> [Problem] Scan the data below and copy each line where "assumes" occurs.

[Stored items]
lemma npow_match_le:
  assumes r: "1 < r" and x: "1 \<le> x" "x \<le> r"
  shows "npow_match p q r x \<le> r"
proof -
  let ?g = "npow_match p q r x"
  have "npow q r ?g \<le> npow q r r"
    using npow_npow_match[OF r x] npow_range(2)[OF r x] npow_self[OF r] by simp
  then show ?thesis using npow_le_iff[of r ?g r q] npow_match_pos[OF r x] r by simp
qed

lemma npow_match_ge:
  assumes r: "1 < r" and pq: "p \<le> q" and x: "1 \<le> x" "x \<le> r"
  shows "x \<le> npow_match p q r x"
proof -
  let ?g = "npow_match p q r x"
  have "npow q r x \<le> npow q r ?g"
    using npow_npow_match[OF r x] npow_antimono_exponent[OF r pq x] by simp
  then show ?thesis using npow_le_iff[of r x ?g q] npow_match_pos[OF r x] r x by simp
qed

lemma npow_match_gt:
  assumes r: "1 < r" and pq: "p < q" and x: "1 < x" "x < r"
  shows "x < npow_match p q r x"
proof -
  let ?g = "npow_match p q r x"
  have x': "1 \<le> x" "x \<le> r" using x by auto
  have "0 < npow_gap_const p q r * (npow q r x * (1 - npow q r x))"
    using npow_gap_const_pos[OF r pq] npow_strict_range[OF r x, of q] by simp
  then have "npow q r x < npow q r ?g"
    using npow_gap[OF r pq x'] npow_npow_match[OF r x'] by simp
  then show ?thesis using npow_le_iff[of r ?g x q] npow_match_pos[OF r x'] r x by auto
qed

lemma Theta_integrand_eq:
  assumes r: "1 < r" and pq: "p < q" and x: "1 \<le> x" "x \<le> r"
  shows "Theta_integrand p q r x = 1 / sqrt ((npow_match p q r x)\<^sup>2 - x\<^sup>2)"
proof (cases "q = 0")
  case True
  then have "p \<noteq> 0" using pq by simp
  have "(r powr npow p r x)\<^sup>2 = r powr (2 * (x powr p - 1) / (r powr p - 1))"
    using \<open>p \<noteq> 0\<close> r by (simp add: npow_def power2_eq_square powr_add[symmetric])
  then show ?thesis
    using True \<open>p \<noteq> 0\<close> by (simp add: Theta_integrand_def npow_match_def npow_inv_def)
next
  case False
  define b where "b = 1 + (r powr q - 1) * npow p r x"
  have b: "0 < b"
    unfolding b_def using npow_inv_base_pos[OF r npow_range[OF r x]] .
  have "(npow_match p q r x)\<^sup>2 = b powr (2 / q)"
    using False b by (simp add: npow_match_def npow_inv_def b_def power2_eq_square powr_add[symmetric])
  moreover have "Theta_integrand p q r x = 1 / sqrt (b powr (2 / q) - x\<^sup>2)"
  proof (cases "p = 0")
    case True
    then show ?thesis using False by (simp add: Theta_integrand_def b_def npow_def)
  next
    case False
    have affine: "1 + (B - 1) * ((X - 1) / (A - 1)) = (A - B) / (A - 1) + (B - 1) / (A - 1) * X"
      if "A \<noteq> 1" for A B X :: real
      using that by (simp add: divide_simps) (simp add: algebra_simps)
    have "b = (r powr p - r powr q) / (r powr p - 1) + (r powr q - 1) / (r powr p - 1) * x powr p"
      using affine[of "r powr p"] False r by (simp add: b_def npow_def)
    then show ?thesis using False \<open>q \<noteq> 0\<close> by (simp add: Theta_integrand_def)
  qed
  ultimately show ?thesis by simp
qed

lemma npow_match_sq_diff_lower:
  assumes r: "1 < r" and pq: "p < q" and x: "1 \<le> x" "x \<le> r"
  shows "2 * npow_gap_const p q r / (npow_coeff q r * max 1 (r powr (q - 1)))
           * (npow q r x * (1 - npow q r x))
         \<le> (npow_match p q r x)\<^sup>2 - x\<^sup>2"
proof -
  define g where "g = npow_match p q r x"
  define M where "M = npow_coeff q r * max 1 (r powr (q - 1))"
  define c where "c = npow_gap_const p q r"
  define t where "t = npow q r x * (1 - npow q r x)"
  have M: "0 < M" using npow_coeff_pos[OF r, of q] by (simp add: M_def)
  have g: "x \<le> g" "g \<le> r"
    using npow_match_ge[OF r less_imp_le[OF pq] x] npow_match_le[OF r x] by (simp_all add: g_def)
  have "c * t \<le> npow q r g - npow q r x"
    using npow_gap[OF r pq x] npow_npow_match[OF r x] by (simp add: g_def c_def t_def)
  also have "\<dots> \<le> M * (g - x)"
    unfolding M_def using npow_diff_le[OF r x(1) g] .
  also have "\<dots> \<le> M * ((g\<^sup>2 - x\<^sup>2) / 2)"
  proof -
    have "2 * (g - x) \<le> (g + x) * (g - x)" using g x by (intro mult_right_mono) auto
    then have "g - x \<le> (g\<^sup>2 - x\<^sup>2) / 2" by (simp add: power2_eq_square algebra_simps)
    then show ?thesis using M by (intro mult_left_mono) auto
  qed
  finally have "2 * c / M * t \<le> g\<^sup>2 - x\<^sup>2"
    using M by (simp add: field_simps)
  then show ?thesis by (simp add: g_def M_def c_def t_def)
qed

lemma Theta_integrand_le_density:
  assumes r: "1 < r" and pq: "p < q"
  obtains C where
    "\<And>x. 1 < x \<Longrightarrow> x < r \<Longrightarrow>
       Theta_integrand p q r x \<le> C * (npow_coeff q r * x powr (q - 1) / sqrt (npow q r x * (1 - npow q r x)))"
proof
  define B where "B = 2 * npow_gap_const p q r / (npow_coeff q r * max 1 (r powr (q - 1)))"
  define m where "m = npow_coeff q r * min 1 (r powr (q - 1))"
  have B: "0 < B" using npow_gap_const_pos[OF r pq] npow_coeff_pos[OF r, of q] by (simp add: B_def)
  have m: "0 < m" using npow_coeff_pos[OF r, of q] r by (simp add: m_def)
  fix x assume x: "1 < x" "x < r"
  then have x': "1 \<le> x" "x \<le> r" by auto
  define t where "t = npow q r x * (1 - npow q r x)"
  have t: "0 < t" using npow_strict_range[OF r x, of q] by (simp add: t_def)
  have "Theta_integrand p q r x = 1 / sqrt ((npow_match p q r x)\<^sup>2 - x\<^sup>2)"
    using Theta_integrand_eq[OF r pq x'] .
  also have "\<dots> \<le> 1 / sqrt (B * t)"
  proof (rule divide_sqrt_antimono)
    show "0 < B * t" using B t by simp
    show "B * t \<le> (npow_match p q r x)\<^sup>2 - x\<^sup>2"
      using npow_match_sq_diff_lower[OF r pq x'] by (simp add: B_def t_def)
  qed
  also have "\<dots> = 1 / (sqrt B * m) * (m / sqrt t)"
    using m by (simp add: real_sqrt_mult)
  also have "\<dots> \<le> 1 / (sqrt B * m) * (npow_coeff q r * x powr (q - 1) / sqrt t)"
    using powr_between_one_and_endpoint(1)[OF x', of "q - 1"] npow_coeff_pos[OF r, of q] B m t
    by (intro mult_left_mono divide_right_mono) (auto simp: m_def)
  finally show "Theta_integrand p q r x
      \<le> 1 / (sqrt B * m) * (npow_coeff q r * x powr (q - 1) / sqrt (npow q r x * (1 - npow q r x)))"
    by (simp add: t_def)
qed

> [Exercise response]
  assumes r: "1 < r" and x: "1 \<le> x" "x \<le> r"
  assumes r: "1 < r" and pq: "p \<le> q" and x: "1 \<le> x" "x \<le> r"
  assumes r: "1 < r" and pq: "p < q" and x: "1 < x" "x < r"
  assumes r: "1 < r" and pq: "p < q" and x: "1 \<le> x" "x \<le> r"
  assumes r: "1 < r" and pq: "p < q" and x: "1 \<le> x" "x \<le> r"
  assumes r: "1 < r" and pq: "p < q"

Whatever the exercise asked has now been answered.